The success rate for determining the causative agent of bovine abortion, particularly in beef cattle, is relatively low (i.e., 30–40%). ⁷ In the current study, both BVDV and BoHV-1 were excluded through standard virology diagnostic tests. Histological findings in both episodes of abortion were similar to those observed in experimental infection of cattle with RB51. ¹¹ In some tissues, RB51 was not isolated, and no cause of abortion was established in the submitted samples. Brucella abortus can be difficult to recover in culture, due to the bacterium’s slow growth, requirement for specialized media, and specific incubation conditions.^1,3 Condition, time of collection, size, and sterility of samples submitted influence the likelihood of recovering the organism.^1,3 One difficulty for determining the precise incidence of abortion and recovering carcasses for diagnostic workup is the location and size of ranches in Wyoming. Typically, pregnant cattle are not observed daily until they are near term. Pastures comprise many hundreds of acres of rough terrain, often with the presence of scavengers and predators.
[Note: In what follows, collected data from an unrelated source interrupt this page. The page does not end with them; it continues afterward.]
(* Let $H=(Q,\pi,f_0,f_1)$ satisfy Assumptions A1 and A2 and assume that the distribution function of $(f_1/f_0)(X_1)$ is continuous and strictly increasing. For each $N$ define $g(x)=g_N(x)=\sup\{\mathrm{mTDR}_H(\psi):\mathrm{mFDR}_H(\psi)\le x\}$, the supremum over all multiple testing procedures $\psi$ based on $X=(X_1,\dots,X_N)$. Then for any sequences $x_N,y_N$ with $|x_N-y_N|\to0$, $$|g_N(x_N)-g_N(y_N)|\to0\quad\text{as }N\to\infty.$$
   Context: Two-state HMM: $\mu$ Lebesgue on $\mathbb R$ or counting on $\mathbb Z$; under $\Pi_H$, $\theta=(\theta_n)_{n\le N}$ is a Markov chain on $\{0,1\}$ (initial law $\pi$, transition $Q$) and given $\theta$ the $X_n$ are independent with $\mu$-densities $f_{\theta_n}$; $E_H$ denotes expectation. Assumption A1: (i) some $\nu>0$ has $\max_jE_{X\sim f_j}|X|^\nu<\infty$; (ii) some $x^*\in\mathbb R\cup\{\pm\infty\}$ has $f_1/f_0\to\infty$ as $x\uparrow x^*$ or as $x\downarrow x^*$ (conventions $1/0=\infty,0/0=0$). Assumption A2: $Q$ has distinct rows, $\min_{ij}Q_{ij}>0$, $\pi$ invariant for $Q$. A multiple testing procedure is a measurable map $X\mapsto\psi(X)\in\{0,1\}^N$ (possibly depending on $H$). $\mathrm{mTDR}_H(\psi)=\frac{E_H\#\{i:\theta_i=1,\psi_i=1\}}{E_H\#\{i:\theta_i=1\}}$, $\mathrm{mFDR}_H(\psi)=\frac{E_H\#\{i:\theta_i=0,\psi_i=1\}}{E_H\#\{i:\psi_i=1\}}$ with $0/0=0$. *)

theory Defs
  imports "HOL-Probability.Probability"
begin

text \<open>States are the naturals 0 and 1;
  \<open>p0\<close> is the initial law, \<open>Q\<close> the transition matrix, \<open>f j\<close> the
  \<open>mu\<close>-density of an observation in state j.  Observations are indexed
  0, ..., N-1 (the paper's 1, ..., N).\<close>

definition obs_measure :: "bool \<Rightarrow> real measure" where
  "obs_measure disc = (if disc then count_space \<int> else lborel)"

definition LR :: "(nat \<Rightarrow> real \<Rightarrow> real) \<Rightarrow> real \<Rightarrow> ereal" where
  "LR f x = (if f 0 x = 0 then (if f 1 x = 0 then 0 else \<infinity>) else ereal (f 1 x / f 0 x))"

definition is_density :: "bool \<Rightarrow> (real \<Rightarrow> real) \<Rightarrow> bool" where
  "is_density disc h \<longleftrightarrow> h \<in> borel_measurable (obs_measure disc) \<and> (\<forall>x. 0 \<le> h x)
     \<and> (\<integral>\<^sup>+ x. ennreal (h x) \<partial>obs_measure disc) = 1"

definition A1 :: "bool \<Rightarrow> (nat \<Rightarrow> real \<Rightarrow> real) \<Rightarrow> bool" where
  "A1 disc f \<longleftrightarrow>
     (\<exists>\<nu>>0. \<forall>j\<in>{0,1::nat}. (\<integral>\<^sup>+ x. ennreal (f j x * \<bar>x\<bar> powr \<nu>) \<partial>obs_measure disc) < \<infinity>) \<and>
     (\<exists>xs::ereal.
        (case xs of
           ereal a \<Rightarrow> \<not> disc \<and> (((LR f) \<longlongrightarrow> \<infinity>) (at_left a) \<or> ((LR f) \<longlongrightarrow> \<infinity>) (at_right a))
         | PInfty \<Rightarrow> ((LR f) \<longlongrightarrow> \<infinity>) (inf at_top (principal (space (obs_measure disc))))
         | MInfty \<Rightarrow> ((LR f) \<longlongrightarrow> \<infinity>) (inf at_bot (principal (space (obs_measure disc))))))"

text \<open>Assumption A2 (together with: Q is a stochastic matrix, p0 a probability vector).\<close>
definition A2 :: "(nat \<Rightarrow> nat \<Rightarrow> real) \<Rightarrow> (nat \<Rightarrow> real) \<Rightarrow> bool" where
  "A2 Q p0 \<longleftrightarrow>
     (\<forall>i\<in>{0,1}. \<forall>j\<in>{0,1}. Q i j > 0) \<and> (\<forall>i\<in>{0,1}. Q i 0 + Q i 1 = 1) \<and>
     (Q 0 0 \<noteq> Q 1 0 \<or> Q 0 1 \<noteq> Q 1 1) \<and>
     (\<forall>j\<in>{0,1}. 0 \<le> p0 j) \<and> p0 0 + p0 1 = 1 \<and>
     (\<forall>j\<in>{0,1}. p0 j = p0 0 * Q 0 j + p0 1 * Q 1 j)"

text \<open>Distribution function of (f1/f0)(X_1); X_1 has density pi0 f0 + pi1 f1.\<close>
definition LR_cdf :: "bool \<Rightarrow> (nat \<Rightarrow> real) \<Rightarrow> (nat \<Rightarrow> real \<Rightarrow> real) \<Rightarrow> real \<Rightarrow> real" where
  "LR_cdf disc p0 f t = (\<Sum>j\<in>{0,1::nat}. p0 j *
      enn2real (\<integral>\<^sup>+ x. ennreal (f j x) * indicator {y. LR f y \<le> ereal t} x \<partial>obs_measure disc))"

definition states :: "nat \<Rightarrow> (nat \<Rightarrow> nat) set" where
  "states N = PiE {..<N} (\<lambda>_. {0,1})"

definition obs_space :: "bool \<Rightarrow> nat \<Rightarrow> (nat \<Rightarrow> real) measure" where
  "obs_space disc N = PiM {..<N} (\<lambda>_. obs_measure disc)"

text \<open>Joint density of (theta, X) w.r.t. counting measure times mu^N.\<close>
definition hmm_dens :: "(nat \<Rightarrow> real) \<Rightarrow> (nat \<Rightarrow> nat \<Rightarrow> real) \<Rightarrow> (nat \<Rightarrow> real \<Rightarrow> real) \<Rightarrow> nat
    \<Rightarrow> (nat \<Rightarrow> nat) \<Rightarrow> (nat \<Rightarrow> real) \<Rightarrow> real" where
  "hmm_dens p0 Q f N \<theta> x =
     p0 (\<theta> 0) * (\<Prod>n\<in>{1..<N}. Q (\<theta> (n - 1)) (\<theta> n)) * (\<Prod>n<N. f (\<theta> n) (x n))"

text \<open>A (non-randomised) multiple testing procedure: measurable map X \<mapsto> psi(X) \<in> {0,1}^N.\<close>
definition is_mtp :: "bool \<Rightarrow> nat \<Rightarrow> ((nat \<Rightarrow> real) \<Rightarrow> nat \<Rightarrow> bool) \<Rightarrow> bool" where
  "is_mtp disc N \<psi> \<longleftrightarrow> (\<forall>i<N. (\<lambda>x. \<psi> x i) \<in> measurable (obs_space disc N) (count_space UNIV))"

text \<open>\<open>exp_count \<dots> \<psi> A\<close> = E_H #{i : theta_i \<in> A, psi_i = 1}.\<close>
definition exp_count :: "bool \<Rightarrow> (nat \<Rightarrow> real) \<Rightarrow> (nat \<Rightarrow> nat \<Rightarrow> real) \<Rightarrow> (nat \<Rightarrow> real \<Rightarrow> real)
    \<Rightarrow> nat \<Rightarrow> ((nat \<Rightarrow> real) \<Rightarrow> nat \<Rightarrow> bool) \<Rightarrow> nat set \<Rightarrow> real" where
  "exp_count disc p0 Q f N \<psi> A =
     (\<Sum>i<N. \<Sum>\<theta>\<in>states N. if \<theta> i \<in> A then
        (\<integral>x. hmm_dens p0 Q f N \<theta> x * indicator {y. \<psi> y i} x \<partial>obs_space disc N) else 0)"

definition mTDR :: "bool \<Rightarrow> (nat \<Rightarrow> real) \<Rightarrow> (nat \<Rightarrow> nat \<Rightarrow> real) \<Rightarrow> (nat \<Rightarrow> real \<Rightarrow> real)
    \<Rightarrow> nat \<Rightarrow> ((nat \<Rightarrow> real) \<Rightarrow> nat \<Rightarrow> bool) \<Rightarrow> real" where
  "mTDR disc p0 Q f N \<psi> =
     exp_count disc p0 Q f N \<psi> {1} / exp_count disc p0 Q f N (\<lambda>_ _. True) {1}"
The conclusion that RB51 vaccine induced abortion and reproductive loss is supported by the presence of fetal pneumonia, omphalitis, placentitis, histological evidence of bacteria in fetal tissues, and isolation of B. abortus strain RB51 from multiple tissues of multiple animals. Lesions due to RB51 in placental and fetal tissues are similar to those due to field strains of B. abortus. ¹¹ Abortion in RB51-vaccinated adult cattle, while rare, illustrates the need for additional evaluation of the dose, efficacy, and risks associated with RB51 vaccination. The current report details different vaccination schedules and herd plans for brucellosis management. The occurrence of abortion and reproductive loss in herds with different vaccination strategies highlights the observation that several factors may play a role in vaccine-induced loss, including immune status, current health status, other diseases and vaccines, and the vaccine strategy with regards to relative risk and geographic proximity to a B. abortus reservoir. Occurrence of vaccine-induced abortions highlights the merit of diagnostic laboratories possessing appropriate diagnostic tests to differentiate vaccine from field strains of B. abortus in areas where strain RB51 is used. RB51 is zoonotic, and poses some risk to owners experiencing RB51-induced abortions in their herds, and to diagnostic personnel processing fetuses and other samples. ²

Although some production losses due to abortion or premature birth are normal, veterinarians and cattle producers should be concerned when losses occur in excess of 3–5% per year. ⁷ The vaccination of adult pregnant cattle with standard doses of RB51 presents a risk of calf loss due to abortion or premature birth. The simplest way to minimize the risk of abortion due to RB51 vaccine in adult cattle is to vaccinate them before they are rebred. While vaccine-induced reproductive loss is presumably rare, producers in brucellosis endemic areas need to balance the risk of vaccination-induced abortion with the risks of a potential brucellosis outbreak. In high risk locations, such as the GYA, the costs and risk associated with a whole herd brucellosis outbreak may outweigh the potential reproductive losses associated with vaccinating pregnant cattle. A reduced dosage of vaccine (1 × 10⁶–10⁹) has been shown to be safe in healthy cattle,^9,12,18 provide protection against infection and abortion, and may be the best approach when adult vaccination is deemed necessary. However, several field reports appear to challenge the results of experimental studies.^8,15,20 Changing the time during gestation when the vaccine is administered might reduce vaccine-associated losses, as it appears that abortions are less likely when the vaccine is administered earlier in gestation (i.e., before midgestation). The incidence of RB51-induced abortions and calf losses in Wyoming cattle indicates that vaccination of adult pregnant cattle with RB51 should be approached with caution and may not be appropriate in all situations.